Three components explain \(70.37\%\) of the data, and another fourth direction defines another \(6.3\%\). Since the fourth component does not add much to our understanding, we will use the first three components to transform our 24-dimensional data set into a 3-dimensional one. Otherwise, we extracted the eigenvalues on the principal components (see the plot above left). We then visualised the percentage of variances explained (i.e., the information) of these eigenvalues in 10 dimensions (see the plot on the right). Therefore, we can project the data into these dimensions.

Note that the sum of the squares of the factors (eigenvectors) is equal to 1 because they are normalised vectors (module 1).

sum(pca$rotation[,1]^2)
## [1] 1

This means that the eigenvectors are more accessible to interpret than the eigenvalues. They are like percentages (numbers between 0 and 1). In the following section, we will plot these eigenvectors. They are called the contribution of the variables to the components.

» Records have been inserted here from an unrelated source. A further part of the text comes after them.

lemma hilb_mon_ideal: "hilb n (mon_ideal U :: 'k::field mpoly set) d = card (Mon n d - U)"
proof -
  have h: "(hom n d :: 'k mpoly set) = {f. keys f \<subseteq> Mon n d}" by (simp add: hom_def)
  have i: "mon_ideal U \<inter> {f :: 'k mpoly. keys f \<subseteq> Mon n d} = {f. keys f \<subseteq> Mon n d \<inter> U}" by (auto simp: mon_ideal_def)
  have "hilb n (mon_ideal U :: 'k::field mpoly set) d = dimK {f :: 'k mpoly. keys f \<subseteq> Mon n d} - dimK {f :: 'k mpoly. keys f \<subseteq> Mon n d \<inter> U}"
    by (simp only: hilb_def h i)
  also have "\<dots> = card (Mon n d) - card (Mon n d \<inter> U)"
    using dimK_supported[of "Mon n d", where 'k='k] dimK_supported[of "Mon n d \<inter> U", where 'k='k] finite_Mon by simp
  finally show ?thesis by (simp add: finite_Mon card_Diff_subset_Int)
qed

section \<open>Orders and top segments\<close>

definition strict_total_on :: "('a \<Rightarrow> 'a \<Rightarrow> bool) \<Rightarrow> 'a set \<Rightarrow> bool" where
  "strict_total_on gt S \<longleftrightarrow> (\<forall>a\<in>S. \<not> gt a a) \<and> (\<forall>a\<in>S. \<forall>b\<in>S. \<forall>c\<in>S. gt a b \<longrightarrow> gt b c \<longrightarrow> gt a c)
     \<and> (\<forall>a\<in>S. \<forall>b\<in>S. a \<noteq> b \<longrightarrow> gt a b \<or> gt b a)"

lemma strict_total_on_irrefl: "strict_total_on gt S \<Longrightarrow> a \<in> S \<Longrightarrow> \<not> gt a a"
  unfolding strict_total_on_def by blast
lemma strict_total_on_trans: "strict_total_on gt S \<Longrightarrow> a \<in> S \<Longrightarrow> b \<in> S \<Longrightarrow> c \<in> S \<Longrightarrow> gt a b \<Longrightarrow> gt b c \<Longrightarrow> gt a c"
  unfolding strict_total_on_def by blast
lemma strict_total_on_total: "strict_total_on gt S \<Longrightarrow> a \<in> S \<Longrightarrow> b \<in> S \<Longrightarrow> a \<noteq> b \<Longrightarrow> gt a b \<or> gt b a"
  unfolding strict_total_on_def by blast

lemma strict_total_on_subset: assumes "strict_total_on gt S" "T \<subseteq> S" shows "strict_total_on gt T"
  unfolding strict_total_on_def
proof (intro conjI ballI impI)
  fix a assume "a \<in> T" then show "\<not> gt a a" using strict_total_on_irrefl[OF assms(1)] assms(2) by blast
next
  fix a b c assume "a \<in> T" "b \<in> T" "c \<in> T" "gt a b" "gt b c"
  then show "gt a c" using strict_total_on_trans[OF assms(1)] assms(2) by blast
next
  fix a b assume "a \<in> T" "b \<in> T" "a \<noteq> b"
  then show "gt a b \<or> gt b a" using strict_total_on_total[OF assms(1)] assms(2) by blast
qed

lemma top_subset: "top gt r S \<subseteq> S"
  by (auto simp: top_def)

lemma top_upward:
  assumes "finite S" "strict_total_on gt S" "a \<in> top gt r S" "b \<in> S" "gt b a"
  shows "b \<in> top gt r S"
proof -
  have a: "a \<in> S" "card {c\<in>S. gt c a} < r" using assms(3) by (auto simp: top_def)
  have "{c\<in>S. gt c b} \<subseteq> {c\<in>S. gt c a}" using strict_total_on_trans[OF assms(2) _ assms(4) a(1) _ assms(5)] by blast
  then have "card {c\<in>S. gt c b} \<le> card {c\<in>S. gt c a}" using assms(1) by (intro card_mono) auto
  then show ?thesis using a assms(4) by (auto simp: top_def)
qed

lemma card_greater_less:
  assumes S: "finite S" and o: "strict_total_on gt S" and xy: "x \<in> S" "y \<in> S" "gt x y"
  shows "card {c\<in>S. gt c x} < card {c\<in>S. gt c y}"
proof (rule psubset_card_mono)
  show "finite {c\<in>S. gt c y}" using S by simp
  have "{c\<in>S. gt c x} \<subseteq> {c\<in>S. gt c y}"
    using strict_total_on_trans[OF o _ xy(1,2) _ xy(3)] by blast
  moreover have "x \<in> {c\<in>S. gt c y} - {c\<in>S. gt c x}"
    using xy strict_total_on_irrefl[OF o xy(1)] by simp
  ultimately show "{c\<in>S. gt c x} \<subset> {c\<in>S. gt c y}" by blast
qed

lemma bij_betw_card_greater:
  assumes S: "finite S" and o: "strict_total_on gt S"
  shows "bij_betw (\<lambda>a. card {b\<in>S. gt b a}) S {..<card S}"
proof -
  let ?rk = "\<lambda>a. card {b\<in>S. gt b a}"
  have inj: "inj_on ?rk S"
  proof (rule inj_onI, rule ccontr)
    fix a b assume ab: "a \<in> S" "b \<in> S" "?rk a = ?rk b" "a \<noteq> b"
    then show False
      using strict_total_on_total[OF o ab(1,2,4)] card_greater_less[OF S o, of a b]
        card_greater_less[OF S o, of b a] by auto
  qed
  have "?rk a < card S" if a: "a \<in> S" for a
  proof -
    have "{c\<in>S. gt c a} \<subseteq> S - {a}" using strict_total_on_irrefl[OF o a] by blast
    then have "?rk a \<le> card (S - {a})" using S by (simp add: card_mono)
    also have "\<dots> < card S" by (rule card_Diff1_less[OF S a])
    finally show ?thesis .
  qed
  then have "?rk ` S \<subseteq> {..<card S}" by auto
  moreover have "card (?rk ` S) = card {..<card S}" using card_image[OF inj] by simp
  ultimately have "?rk ` S = {..<card S}" by (intro card_subset_eq) auto
  then show ?thesis using inj by (simp add: bij_betw_def)
qed

lemma card_top:
  assumes S: "finite S" and o: "strict_total_on gt S" and r: "r \<le> card S"
  shows "card (top gt r S) = r"
proof -
  let ?rk = "\<lambda>a. card {b\<in>S. gt b a}"
  have bij: "bij_betw ?rk S {..<card S}" by (rule bij_betw_card_greater[OF S o])
  have "?rk ` top gt r S = {..<r}"
  proof
    show "?rk ` top gt r S \<subseteq> {..<r}" by (auto simp: top_def)
    show "{..<r} \<subseteq> ?rk ` top gt r S"
    proof
      fix x assume x: "x \<in> {..<r}"
      then have "x \<in> ?rk ` S" using bij r by (auto simp: bij_betw_def)
      then show "x \<in> ?rk ` top gt r S" using x by (auto simp: top_def)
    qed
  qed
  moreover have "inj_on ?rk (top gt r S)"
    using inj_on_subset[OF bij_betw_imp_inj_on[OF bij] top_subset] .
  ultimately show ?thesis by (metis card_image card_lessThan)
qed

lemma strict_total_lex: "strict_total_on lex_gt S"
  unfolding strict_total_on_def
proof (intro conjI ballI impI)
  fix a assume "a \<in> S" show "\<not> lex_gt a a" by (simp add: lex_gt_def)
next
  fix a b c assume "lex_gt a b" "lex_gt b c"
  then obtain i j where i: "lookup b i < lookup a i" "\<forall>k<i. lookup a k = lookup b k"
    and j: "lookup c j < lookup b j" "\<forall>k<j. lookup b k = lookup c k" by (auto simp: lex_gt_def)
  show "lex_gt a c" unfolding lex_gt_def
  proof (cases i j rule: linorder_cases)
    case less then show "\<exists>i. lookup c i < lookup a i \<and> (\<forall>j<i. lookup a j = lookup c j)"
      using i j by (intro exI[of _ i]) auto
  next
    case equal then show "\<exists>i. lookup c i < lookup a i \<and> (\<forall>j<i. lookup a j = lookup c j)"
      using i j by (intro exI[of _ i]) auto
  next
    case greater then show "\<exists>i. lookup c i < lookup a i \<and> (\<forall>j<i. lookup a j = lookup c j)"
      using i j by (intro exI[of _ j]) auto
  qed
next
  fix a b :: "nat \<Rightarrow>\<^sub>0 nat" assume "a \<noteq> b"
  then have ne: "{i. lookup a i \<noteq> lookup b i} \<noteq> {}" by (metis (mono_tags) empty_Collect_eq poly_mapping_eqI)
  define i where "i = (LEAST i. lookup a i \<noteq> lookup b i)"
  have i: "lookup a i \<noteq> lookup b i" using ne unfolding i_def by (metis (mono_tags) LeastI empty_Collect_eq)
  have lt: "\<forall>k<i. lookup a k = lookup b k" unfolding i_def using not_less_Least by blast
  show "lex_gt a b \<or> lex_gt b a"
  proof (cases "lookup a i < lookup b i")
    case True then have "lex_gt b a" using lt unfolding lex_gt_def by (metis)
    then show ?thesis ..
  next
    case False then have "lex_gt a b" using lt i unfolding lex_gt_def by (metis linorder_neqE_nat)
    then show ?thesis ..
  qed
qed

lemma strict_total_revlex_Mon: "strict_total_on revlex_gt (Mon n d)"
  unfolding strict_total_on_def
proof (intro conjI ballI impI)
  fix a assume "a \<in> Mon n d" show "\<not> revlex_gt a a" by (simp add: revlex_gt_def)
next
  fix a b c assume abc: "a \<in> Mon n d" "b \<in> Mon n d" "c \<in> Mon n d" and "revlex_gt a b" "revlex_gt b c"
  then obtain i j where i: "lookup a i < lookup b i" "\<forall>k>i. lookup a k = lookup b k"
    and j: "lookup b j < lookup c j" "\<forall>k>j. lookup b k = lookup c k" by (auto simp: revlex_gt_def Mon_def)
  have ex: "\<exists>i. lookup a i < lookup c i \<and> (\<forall>j>i. lookup a j = lookup c j)"
  proof (cases i j rule: linorder_cases)
    case less then show ?thesis using i j by (intro exI[of _ j]) auto
  next
    case equal then show ?thesis using i j by (intro exI[of _ i]) auto
  next
    case greater then show ?thesis using i j by (intro exI[of _ i]) auto
  qed
  then show "revlex_gt a c" using abc by (auto simp: revlex_gt_def Mon_def)
next
  fix a b assume ab: "a \<in> Mon n d" "b \<in> Mon n d" "a \<noteq> b"
  then have ne: "{i. lookup a i \<noteq> lookup b i} \<noteq> {}" by (metis (mono_tags) empty_Collect_eq poly_mapping_eqI)
  have fin: "finite {i. lookup a i \<noteq> lookup b i}"
    by (rule finite_subset[of _ "keys a \<union> keys b"]) (auto simp: in_keys_iff)
  define i where "i = Max {i. lookup a i \<noteq> lookup b i}"
  have i: "lookup a i \<noteq> lookup b i" using Max_in[OF fin ne] unfolding i_def by simp
  have gt: "\<forall>k>i. lookup a k = lookup b k" unfolding i_def using Max_ge[OF fin] by (metis (mono_tags) mem_Collect_eq not_le)
  have deq: "mdeg a = mdeg b" using ab by (simp add: Mon_def)
  show "revlex_gt a b \<or> revlex_gt b a"
  proof (cases "lookup a i < lookup b i")
    case True then have "revlex_gt a b" using gt deq unfolding revlex_gt_def by metis
    then show ?thesis ..
  next
    case False then have "revlex_gt b a" using gt i deq unfolding revlex_gt_def by (metis linorder_neqE_nat)
    then show ?thesis ..
  qed
qed

lemma revlex_gt_last_var:
  assumes "a \<in> Mon n d" "b \<in> Mon n d" "lookup a n = 0" "0 < lookup b n"
  shows "revlex_gt a b"
proof -
  have "\<forall>j>n. lookup a j = lookup b j"
  proof (intro allI impI)
    fix j assume "n < j"
    then have "j \<notin> keys a" "j \<notin> keys b" using assms(1,2) by (auto simp: Mon_def)
    then show "lookup a j = lookup b j" by (simp add: in_keys_iff)
  qed
  then have "\<exists>i. lookup a i < lookup b i \<and> (\<forall>j>i. lookup a j = lookup b j)" using assms(3,4) by (intro exI[of _ n]) simp
  then show ?thesis using assms(1,2) unfolding revlex_gt_def Mon_def by auto
qed

section \<open>The staged monomial sets\<close>

fun wmons :: "nat \<Rightarrow> nat list \<Rightarrow> (nat \<Rightarrow>\<^sub>0 nat) set \<Rightarrow> nat \<Rightarrow> (nat \<Rightarrow>\<^sub>0 nat) set" where
  "wmons n h U0 0 = U0"
| "wmons n h U0 (Suc d) = wmons n h U0 d \<union>
     multiples n (top revlex_gt (card (Mon n d - wmons n h U0 d) - hv h d) (Mon n d - wmons n h U0 d))"

definition wnew :: "nat \<Rightarrow> nat list \<Rightarrow> (nat \<Rightarrow>\<^sub>0 nat) set \<Rightarrow> nat \<Rightarrow> (nat \<Rightarrow>\<^sub>0 nat) set" where
  "wnew n h U0 d = top revlex_gt (card (Mon n d - wmons n h U0 d) - hv h d) (Mon n d - wmons n h U0 d)"

lemma wmons_Suc: "wmons n h U0 (Suc d) = wmons n h U0 d \<union> multiples n (wnew n h U0 d)"
  by (simp add: wnew_def)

The dimensions of the multivariate data are reduced through PCA, which can be represented visually with little loss of information. The three graphs below will be studied more thoroughly as they provide complete information on particular variables. To do this, we use the function fviz_pca_var :

fviz_pca_var(pca, col.var = "cos2",
             gradient.cols = c("#00AFBB", "#E7B800", "#FC4E07"),
             repel = TRUE # Avoid overlapping texts
             ,title= "Cos 2 of the variables NBA Stats - PCA"
             )

On the projection plane of the PCA of the variables above, we can observe the relationships between the statistical variables of the NBA players. The two dimensions represented on the graph explain \(34.3\%\) and \(26.6\%\) of the total variance of the data, respectively. It is clear that the variables min, pts, fgm, fga, tov, ast, ftm, and fta are negatively correlated with the first dimension, while the variables oreb, dreb, reb, and fg_pct are positively correlated with the second dimension. The distances of the variables from the original measure the degree of representation of these variables on the principal axes. Variables positively correlated with a high cos2 indicate a good representation of these axes. In contrast, variables negatively correlated with a low cos2 indicate that the principal axes do not perfectly represent the variable.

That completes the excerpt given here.